Does the Current Definition of Contrast‐induced Acute Kidney Injury Reflect a True Clinical Entity?
Contrast‐induced acute kidney injury (CI‐AKI) is defined as either a 25% increase in or an absolute elevation in serum creatinine (SCr) of 0.5 mg/dL, 48 to 72 hours after parenteral contrast exposure. The objective of this study was to compare the incidence and complications of AKI between patients exposed and those unexposed to intravenous (IV) contrast.
This was a retrospective cohort study using the electronic medical record of adult patients (>18 years) with and without contrast‐enhanced abdominal or chest computed tomography (CT) between May 2008 and April 2009. Inclusion criteria were emergency department (ED) patients with normal renal function who received either a contrast‐enhanced abdominal or a contrast‐enhanced chest CT, compared to those unexposed to IV contrast, with a repeat SCr within 48 to 72 hours. Exclusion criteria were contrast exposure within 7 days before the index visit. CI‐AKI in the contrast‐exposed group and AKI in the contrast‐unexposed group were defined by the same changes in SCr 48 to 72 hours after contrast or ED admission. Data were described by proportions or medians with 95% confidence intervals (CIs) or interquartile ranges (IQR; 25% to 75%). Group comparisons were by Mann‐Whitney U or Fisher's exact test (α = 0.05, two tails).

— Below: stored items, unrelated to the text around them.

lemma arcsine_mean_diff:
  "continuous_on UNIV f \<Longrightarrow> continuous_on UNIV g \<Longrightarrow>
     arcsine_mean (\<lambda>x. f x - g x) = arcsine_mean f - arcsine_mean g"
  unfolding arcsine_mean_def by (simp add: integral_diff integrable_haversine_comp diff_divide_distrib)

lemma arcsine_mean_cmult: "arcsine_mean (\<lambda>x. c * f x) = c * arcsine_mean f"
  unfolding arcsine_mean_def by simp

lemma arcsine_mean_sum:
  "finite A \<Longrightarrow> (\<And>i. i \<in> A \<Longrightarrow> continuous_on UNIV (f i)) \<Longrightarrow>
     arcsine_mean (\<lambda>x. \<Sum>i\<in>A. f i x) = (\<Sum>i\<in>A. arcsine_mean (f i))"
  unfolding arcsine_mean_def by (simp add: integral_sum integrable_haversine_comp flip: sum_divide_distrib)

lemma arcsine_mean_cong:
  "(\<And>x. 0 \<le> x \<Longrightarrow> x \<le> 1 \<Longrightarrow> f x = g x) \<Longrightarrow> arcsine_mean f = arcsine_mean g"
  unfolding arcsine_mean_def using haversine_nonneg haversine_le_one by simp

lemma arcsine_mean_const [simp]: "arcsine_mean (\<lambda>x. c) = c"
  unfolding arcsine_mean_def by simp

lemma arcsine_mean_square_eq_0_imp:
  assumes "continuous_on UNIV d" "arcsine_mean (\<lambda>x. d x * d x) = 0" "0 \<le> x" "x \<le> 1"
  shows "d x = 0"
proof -
  have "integral {0..pi} (\<lambda>t. d (haversine t) * d (haversine t)) = 0"
    using assms(2) unfolding arcsine_mean_def by simp
  moreover have "continuous_on {0..pi} (\<lambda>t. d (haversine t) * d (haversine t))"
    using continuous_on_haversine_comp[OF assms(1)] by (intro continuous_on_mult)
  ultimately have "\<forall>t\<in>{0..pi}. d (haversine t) * d (haversine t) = 0"
    using integral_eq_0_iff[of 0 pi "\<lambda>t. d (haversine t) * d (haversine t)"] by simp
  moreover have "arccos (1 - 2 * x) \<in> {0..pi}"
    using assms(3,4) by (simp add: arccos_lbound arccos_ubound)
  ultimately show ?thesis using haversine_arccos[OF assms(3,4)] by (metis mult_eq_0_iff)
qed

section \<open>Polynomial functions of bounded degree\<close>

definition low_degree :: "nat \<Rightarrow> (real \<Rightarrow> real) \<Rightarrow> bool" where
  "low_degree j p \<longleftrightarrow> (\<exists>c. \<forall>x. p x = (\<Sum>i<j. c i * x ^ i))"

lemma low_degree_zero: "low_degree j (\<lambda>x. 0)"
  unfolding low_degree_def by (rule exI[of _ "\<lambda>i. 0"]) simp

lemma low_degree_0_eq_0: "low_degree 0 p \<Longrightarrow> p x = 0"
  unfolding low_degree_def by auto

lemma low_degree_add: "low_degree j p \<Longrightarrow> low_degree j q \<Longrightarrow> low_degree j (\<lambda>x. p x + q x)"
  unfolding low_degree_def
proof (elim exE)
  fix c d assume "\<forall>x. p x = (\<Sum>i<j. c i * x ^ i)" "\<forall>x. q x = (\<Sum>i<j. d i * x ^ i)"
  then show "\<exists>e. \<forall>x. p x + q x = (\<Sum>i<j. e i * x ^ i)"
    by (intro exI[of _ "\<lambda>i. c i + d i"]) (simp add: sum.distrib distrib_right)
qed

lemma low_degree_cmult: "low_degree j p \<Longrightarrow> low_degree j (\<lambda>x. a * p x)"
  unfolding low_degree_def
proof (elim exE)
  fix c assume "\<forall>x. p x = (\<Sum>i<j. c i * x ^ i)"
  then show "\<exists>e. \<forall>x. a * p x = (\<Sum>i<j. e i * x ^ i)"
    by (intro exI[of _ "\<lambda>i. a * c i"]) (simp add: sum_distrib_left mult.assoc)
qed

lemma low_degree_diff: "low_degree j p \<Longrightarrow> low_degree j q \<Longrightarrow> low_degree j (\<lambda>x. p x - q x)"
  using low_degree_add[of j p "\<lambda>x. - 1 * q x"] low_degree_cmult[of j q "- 1"] by simp

lemma low_degree_sum:
  "finite A \<Longrightarrow> (\<And>i. i \<in> A \<Longrightarrow> low_degree j (f i)) \<Longrightarrow> low_degree j (\<lambda>x. \<Sum>i\<in>A. f i x)"
  by (induction A rule: finite_induct) (simp_all add: low_degree_zero low_degree_add)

The contrast‐exposed (n = 773) and contrast‐unexposed (n = 2,956) patients were evenly matched for initial demographic, renal, and metabolic parameters. The incidence of CI‐AKI/AKI was significantly higher for the patients unexposed versus exposed to contrast (8.96% vs. 5.69%, p = 0.003). There was no significant difference in mortality rates between contrast‐exposed and unexposed patients (9.09% vs. 6.79%, p = 0.533).
The definition of CI‐AKI for ED patients with normal renal function may not represent a true clinical entity and the definition warrants revision.